Generator set battery systems are very important for many reasons. Their reliability is of much importance when critical loads are a factor. While the battery and charger work together to insure uninterrupted power, the battery is ultimately responsible for reliable engine starts. If the battery fails your generator might not start resulting in lack of power to equipment and facilities.

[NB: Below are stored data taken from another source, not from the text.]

(* Let $\mathcal{H}_A,\mathcal{H}_B$ be finite-dimensional Hilbert spaces, let $|\Psi\rangle,|\Phi\rangle\in\mathcal{H}_A\otimes\mathcal{H}_B$ be unit vectors (not necessarily orthogonal), and let $\alpha,\beta\in\mathbb{C}$ with $|\alpha|^2+|\beta|^2=1$ such that $|\Gamma\rangle=\alpha|\Psi\rangle+\beta|\Phi\rangle\neq0$. Then for every $t\in(0,1)$, $$\big\|\,|\Gamma\rangle\big\|^2\,E(\Gamma)\le f(t),\qquad f(t)=\frac{t|\beta|^2+(1-t)|\alpha|^2}{t(1-t)}\Big[tE(\Psi)+(1-t)E(\Phi)+h_2(t)\Big].$$
   Context: $S(\rho)=-\mathrm{Tr}(\rho\log\rho)$ is the von Neumann entropy (logarithm base 2). For a nonzero vector $|\chi\rangle\in\mathcal{H}_A\otimes\mathcal{H}_B$, its entanglement is $E(\chi)=S\big(\mathrm{Tr}_B|\chi\rangle\langle\chi|/\langle\chi|\chi\rangle\big)$, i.e. the entropy of entanglement of the normalized vector. $h_2(x)=-x\log x-(1-x)\log(1-x)$ is the binary entropy function. *)

theory Defs
  imports "Jordan_Normal_Form.Char_Poly"
begin

definition eta2 :: "real \<Rightarrow> real" where
  "eta2 x = (if x \<le> 0 then 0 else x * log 2 x)"

definition h2 :: "real \<Rightarrow> real" where
  "h2 x = - x * log 2 x - (1 - x) * log 2 (1 - x)"

definition eigvals_list :: "complex mat \<Rightarrow> complex list" where
  "eigvals_list A = (SOME es. char_poly A = (\<Prod>a\<leftarrow>es. [:- a, 1:]))"

(* von Neumann entropy S(rho) = - Tr(rho log2 rho) = - sum of lambda log2 lambda over eigenvalues *)
definition vn_entropy :: "complex mat \<Rightarrow> real" where
  "vn_entropy \<rho> = - (\<Sum>x\<leftarrow>eigvals_list \<rho>. eta2 (Re x))"

(* H_A = C^dA, H_B = C^dB, H_A \<otimes> H_B = C^(dA*dB) with |i>\<otimes>|j> = e_(i*dB+j) *)
definition outer :: "complex vec \<Rightarrow> complex mat" where
  "outer v = mat (dim_vec v) (dim_vec v) (\<lambda>(k, l). v $ k * cnj (v $ l))"

definition ptrace_B :: "nat \<Rightarrow> nat \<Rightarrow> complex mat \<Rightarrow> complex mat" where
  "ptrace_B dA dB X = mat dA dA (\<lambda>(i, i'). \<Sum>j<dB. X $$ (i * dB + j, i' * dB + j))"

definition vnorm2 :: "complex vec \<Rightarrow> real" where
  "vnorm2 v = (\<Sum>k<dim_vec v. (cmod (v $ k))\<^sup>2)"

definition ent :: "nat \<Rightarrow> nat \<Rightarrow> complex vec \<Rightarrow> real" where
  "ent dA dB \<chi> = vn_entropy (ptrace_B dA dB (complex_of_real (1 / vnorm2 \<chi>) \<cdot>\<^sub>m outer \<chi>))"

end

theory Submission imports Defs "Jordan_Normal_Form.Schur_Decomposition" begin

(* Write S for the von Neumann entropy in nats, R(v) = Tr_B |v><v| for the reduced matrix of a
   (not necessarily normalized) vector, and W(X) = tr X ln(tr X) + S(X) = tr X S(X / tr X), so
   that ln 2 |v|^2 E(v) = W(R v). Let G = al P + be F and N = (t|be|^2 + (1-t)|al|^2)/(t(1-t)).
   A partner vector G' = ga P + de F with al cnj(be) + ga cnj(de) = 0, |al|^2 + |ga|^2 = N t and
   |be|^2 + |de|^2 = N (1-t) gives R G + R G' = N t R P + N (1-t) R F, and then
     W(R G) \<le> W(R G) + W(R G') \<le> W(R G + R G')            (W \<ge> 0, concavity)
            \<le> xlnx N + S(N t R P) + S(N (1-t) R F)           (subadditivity)
            = N t S(R P) + N (1-t) S(R F) + N h2(t) ln 2      (scaling). *)

(* Scalar inequalities for xlnx x = x ln x (extended by 0 to x \<le> 0). *)

definition xlnx :: "real \<Rightarrow> real" where
  "xlnx x = (if x \<le> 0 then 0 else x * ln x)"

lemma xlnx_zero [simp]: "xlnx 0 = 0"
  unfolding xlnx_def by simp

lemma eta2_xlnx: "eta2 x = xlnx x / ln 2"
  unfolding eta2_def xlnx_def log_def by simp

lemma ln_ratio_lower:
  fixes a b :: real
  assumes a: "a > 0" and b: "b > 0"
  shows "a * (ln a - ln b) \<ge> a - b"
proof -
  have "ln (b / a) \<le> b / a - 1" using a b by (intro ln_le_minus_one) auto
  hence "a * ln (b / a) \<le> a * (b / a - 1)" using a by (intro mult_left_mono) auto
  thus ?thesis using a b by (simp add: ln_div algebra_simps)
qed

(* The tangent line of the convex function xlnx at m lies below it. *)
lemma xlnx_tangent:
  assumes "l \<ge> 0" and "m > 0"
  shows "xlnx l - l * ln m \<ge> l - m"
  using ln_ratio_lower[of l m] assms by (cases "l = 0") (auto simp: xlnx_def algebra_simps)

lemma xlnx_jensen:
  assumes K: "finite K" and D: "\<And>k. k \<in> K \<Longrightarrow> D k \<ge> 0" and D1: "sum D K = 1"
    and l: "\<And>k. k \<in> K \<Longrightarrow> l k \<ge> 0"
  shows "xlnx (\<Sum>k\<in>K. D k * l k) \<le> (\<Sum>k\<in>K. D k * xlnx (l k))"
proof -
  define m where "m = (\<Sum>k\<in>K. D k * l k)"
  have m0: "m \<ge> 0" unfolding m_def using D l by (auto intro: sum_nonneg)
  show ?thesis
  proof (cases "m = 0")
    case True
    hence "\<forall>k\<in>K. D k * l k = 0"
      using sum_nonneg_eq_0_iff[OF K, of "\<lambda>k. D k * l k"] D l unfolding m_def by auto
    hence "(\<Sum>k\<in>K. D k * xlnx (l k)) = 0" by (intro sum.neutral) (metis xlnx_zero mult_eq_0_iff)
    thus ?thesis using True unfolding m_def by simp
  next
    case False
    hence mp: "m > 0" using m0 by auto
    have "(\<Sum>k\<in>K. D k * (l k - m)) \<le> (\<Sum>k\<in>K. D k * (xlnx (l k) - l k * ln m))"
      using xlnx_tangent l D mp by (intro sum_mono mult_left_mono) auto
    also have "(\<Sum>k\<in>K. D k * (l k - m)) = m - m"
      using D1 by (simp add: right_diff_distrib sum_subtractf sum_distrib_right[symmetric] m_def)
    also have "(\<Sum>k\<in>K. D k * (xlnx (l k) - l k * ln m)) = (\<Sum>k\<in>K. D k * xlnx (l k)) - m * ln m"
      by (simp add: right_diff_distrib sum_subtractf sum_distrib_right m_def mult.assoc)
    finally show ?thesis using mp unfolding m_def[symmetric] by (simp add: xlnx_def)
  qed
qed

It is the battery charger's duty to maintain fully charged batteries at all times to assure positive engine starts under routine or emergency conditions. The battery charger is designed to provide the batteries with a charging current anytime the charge level falls below acceptable limits. There are many designs of battery chargers, but most operate under one of the following two concepts:

  1. Single-Rate Charger - Also known as "trickle charger", this unit will produce its maximum current for only a very short time, then begins to taper off as the batteries' state of charge increases. The only way to maintain a higher current output into the battery would be to increase the charger's output voltage. This, however, would cause serious overcharging problems as the battery becomes fully charged. Thus, the voltage chosen for any single-rate charger is a compromise between fast charging and optimum battery maintenance voltage. The most common problem with the single-rate charger is the loss of electrolyte in batteries caused by a "boiling" effect as they are overcharged. This leads to extensive labor hours replacing or servicing batteries. It should also be noted that due to their nature, most single-rate chargers sold as "5 amp" never reach full current output and therefore may offer the performance of a 2 amp charger!
  2. Two-Rate Charger - Also known as "float chargers", the two-rate charger automatically operates at a "boost" charging voltage that allows the battery to draw the charger's maximum output until is almost fully charged. When the battery reaches a high rate of charge, the charger shifts to the optimum float voltage to minimize battery electrolyte consumption. Since the charger monitors the battery 100% of the time, the optimum charge is provided without adjustments. The correct two-rate battery charger will offer faster charging performance and will reduce the requirement for maintenance. No compromise is made.
The benefits of the two-rate battery charger make for a much more reliable battery system. However, attention must be given to the various designs out in the marketplace. The minimum requirements should include: (a) temperature compensation which insures correct charging in most conditions, (b) output voltage regulation to maintain rated output regardless of input volts and frequency variations, (c) current limiting and (d) overload protection.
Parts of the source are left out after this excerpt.